Женственный или, скорее, андрогинный облик критских мужчин прекрасно гармонирует с их удивительным миролюбием, воспринимающимся как некая аномалия на общем фоне суровых реалий бронзового века. Если принимать всерьёз свидетельства дошедших до нас памятников изобразительного искусства, нам неизбежно придётся признать, что демонстрация религиозного благочестия, то есть участие во всевозможных обрядах и церемониях, занимала в жизни мужчин несравненно более важное место, чем война и охота — подлинно мужские занятия. На самом Крите сюжеты такого рода, если не принимать во внимание некоторые достаточно проблематичные реконструкции Артура Эванса, остаются практически неизвестными вплоть до очень позднего времени.
Итак, есть основания полагать, что природная мужская агрессивность, драчливость и любовь к авантюрам в минойском обществе искусственно сдерживались. Во всяком случае, их демонстративные проявления не поощрялись. Существовали лишь две возможности демонстрации удали и молодечества, видимо, не осуждавшиеся, а напротив, поощрявшиеся общественным мнением.

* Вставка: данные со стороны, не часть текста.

text \<open>The uniform measure on the image of the incidence map differs from the uniform measure
  on all biregular graphs by at most the fraction of biregular graphs outside the image, and
  such a graph has two vertices j < k of V2 with the same neighbourhood. For a fixed pair
  (j, k) let a(t) be the number of biregular graphs in which j and k have t common
  neighbours. A switching replaces edges (i, k), (i', k') by (i', k), (i, k'), where i is a
  common neighbour of j and k and i' is a neighbour of neither; it lowers t by one. Each graph
  with t + 1 common neighbours admits at least (t + 1) (n - 3 d2) d1 switchings, and each
  graph with t common neighbours arises from at most (d2 - t)^2 d1 of them, so
  a(t + 1) (t + 1) (n - 3 d2) \<le> a(t) (d2 - t)^2. Iterating gives
  a(d2) \<le> (d2 / (n - 3 d2))^d2 |B| \<le> (4 e d2 / n)^d2 |B|, and there are fewer than m^2 pairs.\<close>

lemma tv_dist_pmf_of_set_subset:
  assumes fin: "finite B" and sub: "B' \<subseteq> B" and ne: "B' \<noteq> {}"
  shows "tv_dist (pmf_of_set B') (pmf_of_set B) \<le> card (B - B') / card B"
  unfolding tv_dist_def
proof (rule cSUP_least)
  fix A
  have finB': "finite B'" using fin sub finite_subset by auto
  define p where "p = real (card B')"
  define q where "q = real (card B)"
  define x where "x = real (card (B' \<inter> A))"
  define y where "y = real (card (B \<inter> A))"
  have p: "p > 0" using finB' ne unfolding p_def by (simp add: card_gt_0_iff)
  have "card B' \<le> card B" using card_mono[OF fin sub] .
  then have pq: "p \<le> q" and diff: "card (B - B') = q - p"
    unfolding p_def q_def by (simp_all add: card_Diff_subset[OF finB' sub] of_nat_diff)
  have "0 \<le> x" "x \<le> p" unfolding x_def p_def using card_mono[OF finB'] by simp_all
  have "x \<le> y" unfolding x_def y_def using sub fin by (intro of_nat_mono card_mono) auto
  have "card (B \<inter> A) \<le> card ((B' \<inter> A) \<union> (B - B'))"
    using fin finB' by (intro card_mono) auto
  also have "\<dots> \<le> card (B' \<inter> A) + card (B - B')" by (rule card_Un_le)
  finally have "y \<le> x + (q - p)" unfolding x_def y_def using diff by linarith
  have "x / p - y / q \<le> x / p - x / q"
    using \<open>x \<le> y\<close> p pq by (simp add: divide_right_mono)
  also have "\<dots> = x / p * ((q - p) / q)" using p pq by (simp add: field_simps)
  also have "\<dots> \<le> (q - p) / q" using \<open>0 \<le> x\<close> \<open>x \<le> p\<close> p pq by (intro mult_left_le_one_le) auto
  finally have le1: "x / p - y / q \<le> (q - p) / q" .
  have "x / q \<le> x / p" using \<open>0 \<le> x\<close> p pq by (intro divide_left_mono) auto
  then have "y / q - x / p \<le> (x + (q - p)) / q - x / q"
    using \<open>y \<le> x + (q - p)\<close> p pq by (intro diff_mono divide_right_mono) auto
  also have "\<dots> = (q - p) / q" by (simp add: add_divide_distrib)
  finally have le2: "y / q - x / p \<le> (q - p) / q" .
  have "B \<noteq> {}" using sub ne by blast
  then have "measure_pmf.prob (pmf_of_set B') A = x / p" "measure_pmf.prob (pmf_of_set B) A = y / q"
    using ne fin finB' unfolding x_def y_def p_def q_def by (simp_all add: measure_pmf_of_set)
  then show "\<bar>measure_pmf.prob (pmf_of_set B') A - measure_pmf.prob (pmf_of_set B) A\<bar>
      \<le> card (B - B') / card B"
    using le1 le2 diff unfolding q_def by simp
qed simp

definition nbhd1 :: "('a \<times> 'b) set \<Rightarrow> 'a \<Rightarrow> 'b set" where
  "nbhd1 E i = {j. (i, j) \<in> E}"

definition nbhd2 :: "('a \<times> 'b) set \<Rightarrow> 'b \<Rightarrow> 'a set" where
  "nbhd2 E j = {i. (i, j) \<in> E}"

lemma biregular_iff:
  "E \<in> biregular n m d1 d2 \<longleftrightarrow> E \<subseteq> {0..<n} \<times> {0..<m}
     \<and> (\<forall>i<n. card (nbhd1 E i) = d1) \<and> (\<forall>j<m. card (nbhd2 E j) = d2)"
  by (simp add: biregular_def nbhd1_def nbhd2_def)

lemma finite_biregular: "finite (biregular n m d1 d2)"
proof (rule finite_subset)
  show "biregular n m d1 d2 \<subseteq> Pow ({0..<n} \<times> {0..<m})"
    using biregular_iff by blast
qed simp

context
  fixes n m d1 d2 :: nat and E :: "(nat \<times> nat) set"
  assumes E: "E \<in> biregular n m d1 d2"
begin

lemma biregular_subset: "E \<subseteq> {0..<n} \<times> {0..<m}"
  using E by (simp add: biregular_iff)

lemma biregular_finite: "finite E"
  using biregular_subset by (rule finite_subset) simp

lemma nbhd1_subset: "nbhd1 E i \<subseteq> {0..<m}"
  using biregular_subset by (auto simp: nbhd1_def)

lemma nbhd2_subset: "nbhd2 E j \<subseteq> {0..<n}"
  using biregular_subset by (auto simp: nbhd2_def)

lemma finite_nbhd1: "finite (nbhd1 E i)"
  using nbhd1_subset by (rule finite_subset) simp

lemma finite_nbhd2: "finite (nbhd2 E j)"
  using nbhd2_subset by (rule finite_subset) simp

lemma card_nbhd1: "i < n \<Longrightarrow> card (nbhd1 E i) = d1"
  using E by (simp add: biregular_iff)

lemma card_nbhd2: "j < m \<Longrightarrow> card (nbhd2 E j) = d2"
  using E by (simp add: biregular_iff)

lemma card_edges_from:
  assumes "X \<subseteq> {0..<n}"
  shows "card (E \<inter> X \<times> UNIV) = card X * d1"
proof -
  have "E \<inter> X \<times> UNIV = Sigma X (nbhd1 E)" by (auto simp: nbhd1_def)
  moreover have "finite X" using assms by (rule finite_subset) simp
  ultimately show ?thesis using assms card_nbhd1 finite_nbhd1 by (auto simp: subset_iff)
qed

lemma card_edges_to:
  assumes "Y \<subseteq> {0..<m}"
  shows "card (E \<inter> UNIV \<times> Y) = card Y * d2"
proof -
  have "E \<inter> UNIV \<times> Y = prod.swap ` Sigma Y (nbhd2 E)" by (auto simp: nbhd2_def)
  moreover have "finite Y" using assms by (rule finite_subset) simp
  ultimately show ?thesis using assms card_nbhd2 finite_nbhd2
    by (auto simp: card_image subset_iff)
qed

lemma card_biregular_edges: "card E = n * d1"
proof -
  have "E \<inter> {0..<n} \<times> UNIV = E" using biregular_subset by blast
  then show ?thesis using card_edges_from[of "{0..<n}"] by simp
qed

end

definition switch :: "('a \<times> 'b) set \<Rightarrow> 'a \<Rightarrow> 'a \<Rightarrow> 'b \<Rightarrow> 'b \<Rightarrow> ('a \<times> 'b) set" where
  "switch E i i' k k' = insert (i', k) (insert (i, k') (E - {(i, k), (i', k')}))"

context
  fixes E :: "('a \<times> 'b) set" and i i' :: 'a and k k' :: 'b
  assumes edges: "(i, k) \<in> E" "(i', k') \<in> E" and non_edges: "(i', k) \<notin> E" "(i, k') \<notin> E"
begin

lemma switch_distinct: "i \<noteq> i'" "k \<noteq> k'"
  using edges non_edges by auto

lemma switch_switch: "switch (switch E i i' k k') i' i k k' = E"
  using edges non_edges by (auto simp: switch_def)

lemma nbhd1_switch:
  "nbhd1 (switch E i i' k k') x =
     (if x = i then insert k' (nbhd1 E i - {k})
      else if x = i' then insert k (nbhd1 E i' - {k'}) else nbhd1 E x)"
  using switch_distinct by (auto simp: switch_def nbhd1_def)

lemma nbhd2_switch:
  "nbhd2 (switch E i i' k k') y =
     (if y = k then insert i' (nbhd2 E k - {i})
      else if y = k' then insert i (nbhd2 E k' - {i'}) else nbhd2 E y)"
  using switch_distinct by (auto simp: switch_def nbhd2_def)

end

lemma switch_biregular:
  assumes E: "E \<in> biregular n m d1 d2"
    and edges: "(i, k) \<in> E" "(i', k') \<in> E" and non_edges: "(i', k) \<notin> E" "(i, k') \<notin> E"
  shows "switch E i i' k k' \<in> biregular n m d1 d2"
proof -
  have sub: "switch E i i' k k' \<subseteq> {0..<n} \<times> {0..<m}"
    using biregular_subset[OF E] edges by (auto simp: switch_def)
  have mem: "k \<in> nbhd1 E i" "k' \<notin> nbhd1 E i" "k' \<in> nbhd1 E i'" "k \<notin> nbhd1 E i'"
    "i \<in> nbhd2 E k" "i' \<notin> nbhd2 E k" "i' \<in> nbhd2 E k'" "i \<notin> nbhd2 E k'"
    using edges non_edges by (simp_all add: nbhd1_def nbhd2_def)
  moreover have "0 < card (nbhd1 E i)" "0 < card (nbhd1 E i')"
    "0 < card (nbhd2 E k)" "0 < card (nbhd2 E k')"
    using mem finite_nbhd1[OF E] finite_nbhd2[OF E] by (auto simp: card_gt_0_iff)
  ultimately have "\<forall>x<n. card (nbhd1 (switch E i i' k k') x) = d1"
    and "\<forall>y<m. card (nbhd2 (switch E i i' k k') y) = d2"
    using card_nbhd1[OF E] card_nbhd2[OF E] finite_nbhd1[OF E] finite_nbhd2[OF E]
    by (auto simp: nbhd1_switch[OF edges non_edges] nbhd2_switch[OF edges non_edges])
  with sub show ?thesis by (simp add: biregular_iff)
qed

text \<open>If n \<ge> 4 d then n - 3 d \<ge> n / 4; otherwise the power on the right is at least 1.\<close>

lemma real_le_mult_4e_power:
  fixes a b n d :: nat
  assumes "a \<le> b" and scaled: "a * (n - 3 * d) ^ d \<le> b * d ^ d" and "n > 0"
  shows "real a \<le> real b * (4 * exp 1 * real d / real n) ^ d"
proof -
  have e: "1 \<le> exp (1::real)" by simp
  show ?thesis
  proof (cases "4 * d \<le> n")
    case True
    define c where "c = n - 3 * d"
    have c: "c > 0" "real n \<le> 4 * real c" using True \<open>n > 0\<close> by (auto simp: c_def)
    have "real a * real c ^ d \<le> real b * real d ^ d"
      using scaled unfolding c_def by (metis of_nat_le_iff of_nat_mult of_nat_power)
    then have "real a \<le> real b * (real d / real c) ^ d"
      using c by (simp add: field_simps power_divide)
    also have "\<dots> \<le> real b * (4 * exp 1 * real d / real n) ^ d"
    proof (intro mult_left_mono power_mono)
      have "4 * real c \<le> 4 * exp 1 * real c" using e by (simp add: mult_le_cancel_right1)
      with c have "real n \<le> 4 * exp 1 * real c" by linarith
      then have "real n * real d \<le> (4 * exp 1 * real c) * real d"
        by (rule mult_right_mono) simp
      then show "real d / real c \<le> 4 * exp 1 * real d / real n"
        using c \<open>n > 0\<close> by (simp add: field_simps)
    qed auto
    finally show ?thesis .
  next
    case False
    then have "real n \<le> 4 * real d" by simp
    also have "\<dots> \<le> 4 * exp 1 * real d" using e by (simp add: mult_le_cancel_right1)
    finally have "1 \<le> (4 * exp 1 * real d / real n) ^ d"
      using \<open>n > 0\<close> by (intro one_le_power) simp
    then have "real b \<le> real b * (4 * exp 1 * real d / real n) ^ d"
      by (simp add: mult_le_cancel_left1)
    then show ?thesis using \<open>a \<le> b\<close> by linarith
  qed
qed

definition twins :: "nat \<Rightarrow> nat \<Rightarrow> nat \<Rightarrow> nat \<Rightarrow> nat \<Rightarrow> nat \<Rightarrow> (nat \<times> nat) set set" where
  "twins n m d1 d2 j k = {E \<in> biregular n m d1 d2. nbhd2 E j = nbhd2 E k}"

locale right_vertex_pair =
  fixes n m d1 d2 j k :: nat
  assumes j_less: "j < m" and k_less: "k < m" and j_neq_k: "j \<noteq> k"
begin

definition overlap :: "nat \<Rightarrow> (nat \<times> nat) set set" where
  "overlap t = {E \<in> biregular n m d1 d2. card (nbhd2 E j \<inter> nbhd2 E k) = t}"

definition switch_partners :: "(nat \<times> nat) set \<Rightarrow> nat \<Rightarrow> (nat \<times> nat) set" where
  "switch_partners E i = E \<inter> (- (nbhd2 E j \<union> nbhd2 E k)) \<times> (- nbhd1 E i)"

definition switchings :: "nat \<Rightarrow> ((nat \<times> nat) set \<times> nat \<times> nat \<times> nat) set" where
  "switchings t = (SIGMA E:overlap t. SIGMA i:nbhd2 E j \<inter> nbhd2 E k. switch_partners E i)"

definition reverse_switchings :: "nat \<Rightarrow> ((nat \<times> nat) set \<times> nat \<times> nat \<times> nat) set" where
  "reverse_switchings t =
     (SIGMA H:overlap t. SIGMA i:nbhd2 H j - nbhd2 H k. (nbhd2 H k - nbhd2 H j) \<times> nbhd1 H i)"

lemma overlap_biregular: "E \<in> overlap t \<Longrightarrow> E \<in> biregular n m d1 d2"
  by (simp add: overlap_def)

lemma finite_overlap: "finite (overlap t)"
  using finite_biregular by (simp add: overlap_def)

lemma card_switch_partners_ge:
  assumes E: "E \<in> biregular n m d1 d2" and i: "i < n"
  shows "(n - 3 * d2) * d1 \<le> card (switch_partners E i)"
proof -
  define U where "U = nbhd2 E j \<union> nbhd2 E k"
  have "card U \<le> card (nbhd2 E j) + card (nbhd2 E k)"
    unfolding U_def by (rule card_Un_le)
  then have U: "card U \<le> 2 * d2"
    using card_nbhd2[OF E] j_less k_less by simp
  have "E \<subseteq> switch_partners E i \<union> E \<inter> U \<times> UNIV \<union> E \<inter> UNIV \<times> nbhd1 E i"
    by (auto simp: switch_partners_def U_def)
  then have "card E \<le> card (switch_partners E i \<union> E \<inter> U \<times> UNIV \<union> E \<inter> UNIV \<times> nbhd1 E i)"
    using biregular_finite[OF E] by (intro card_mono) (auto simp: switch_partners_def)
  also have "\<dots> \<le> card (switch_partners E i) + card (E \<inter> U \<times> UNIV) + card (E \<inter> UNIV \<times> nbhd1 E i)"
    by (meson card_Un_le add_right_mono order_trans)
  also have "card (E \<inter> U \<times> UNIV) = card U * d1"
    using nbhd2_subset[OF E] by (intro card_edges_from[OF E]) (auto simp: U_def)
  also have "card (E \<inter> UNIV \<times> nbhd1 E i) = d1 * d2"
    using card_edges_to[OF E nbhd1_subset[OF E]] card_nbhd1[OF E i] by simp
  finally have "n * d1 \<le> card (switch_partners E i) + card U * d1 + d1 * d2"
    using card_biregular_edges[OF E] by simp
  moreover have "card U * d1 \<le> 2 * (d1 * d2)" using U by simp
  ultimately have "n * d1 \<le> card (switch_partners E i) + 3 * (d1 * d2)" by linarith
  then show ?thesis by (simp add: diff_mult_distrib algebra_simps)
qed

lemma card_switchings_ge:
  "card (overlap t) * (t * ((n - 3 * d2) * d1)) \<le> card (switchings t)"
proof -
  have "card (overlap t) * (t * ((n - 3 * d2) * d1)) = (\<Sum>E\<in>overlap t. t * ((n - 3 * d2) * d1))"
    by simp
  also have "\<dots> \<le> (\<Sum>E\<in>overlap t. \<Sum>i\<in>nbhd2 E j \<inter> nbhd2 E k. card (switch_partners E i))"
  proof (rule sum_mono)
    fix E assume E: "E \<in> overlap t"
    then have "card (nbhd2 E j \<inter> nbhd2 E k) * ((n - 3 * d2) * d1)
        \<le> (\<Sum>i\<in>nbhd2 E j \<inter> nbhd2 E k. card (switch_partners E i))"
      using sum_bounded_below[of "nbhd2 E j \<inter> nbhd2 E k" "(n - 3 * d2) * d1" "\<lambda>i. card (switch_partners E i)"]
        card_switch_partners_ge[OF overlap_biregular[OF E]] nbhd2_subset[OF overlap_biregular[OF E]]
      by (auto simp: subset_iff)
    then show "t * ((n - 3 * d2) * d1) \<le> (\<Sum>i\<in>nbhd2 E j \<inter> nbhd2 E k. card (switch_partners E i))"
      using E by (simp add: overlap_def)
  qed
  also have "\<dots> = card (switchings t)"
    using finite_overlap finite_nbhd2[OF overlap_biregular] biregular_finite[OF overlap_biregular]
    by (simp add: switchings_def switch_partners_def)
  finally show ?thesis .
qed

Таковыми могут считаться кулачные бои и так называемые тавротапсия — «игры с быками». Оба эти сюжета весьма популярны на Крите и на всей территории, охваченной влиянием минойской цивилизации, изображения атлетических состязаний, видимо, заключали в себе некий не вполне доступный нашему пониманию «сакрально-магический подтекст ритуальных действий в самых важных религиозных празднествах годичного цикла.
Об обрядах — таврокатапсии — (греч. ταυροκαθάψια) — ритуальные прыжки через быка, мы узнаём из многочисленных изображений на стенах дворцов, сохранившихся во дворцах острова Крит, на фресках и предметах быта.
Сцены таврокатапсии достаточно хорошо представлены почти во всех основных жанрах минойского искусства: и во фресковой живописи, и в скульптуре, и в глиптике. Насколько позволяют судить эти изображения, игры с быками в минойской цивилизации были сопряжены со смертельным риском для их участников и едва ли обходились без серьезных человеческих жертв. Вполне вероятно, что их конечной целью было умилостивление божества, которому в процессе состязания предоставлялась возможность выбора угодной ему кровавой жертвы.
Трагический исход таврокатапсии, как правило, остается скрытым от нас. Тема смерти если и присутствует в сценах тавромахии, то чаще всего лишь скрыто, неявно. И в этом, как нам думается, нашло свое выражение столь характерное для женственной психики минойцев стремление уйти от слишком мрачных и тяжёлых сторон действительности, сделав вид, что они вообще не существуют в природе.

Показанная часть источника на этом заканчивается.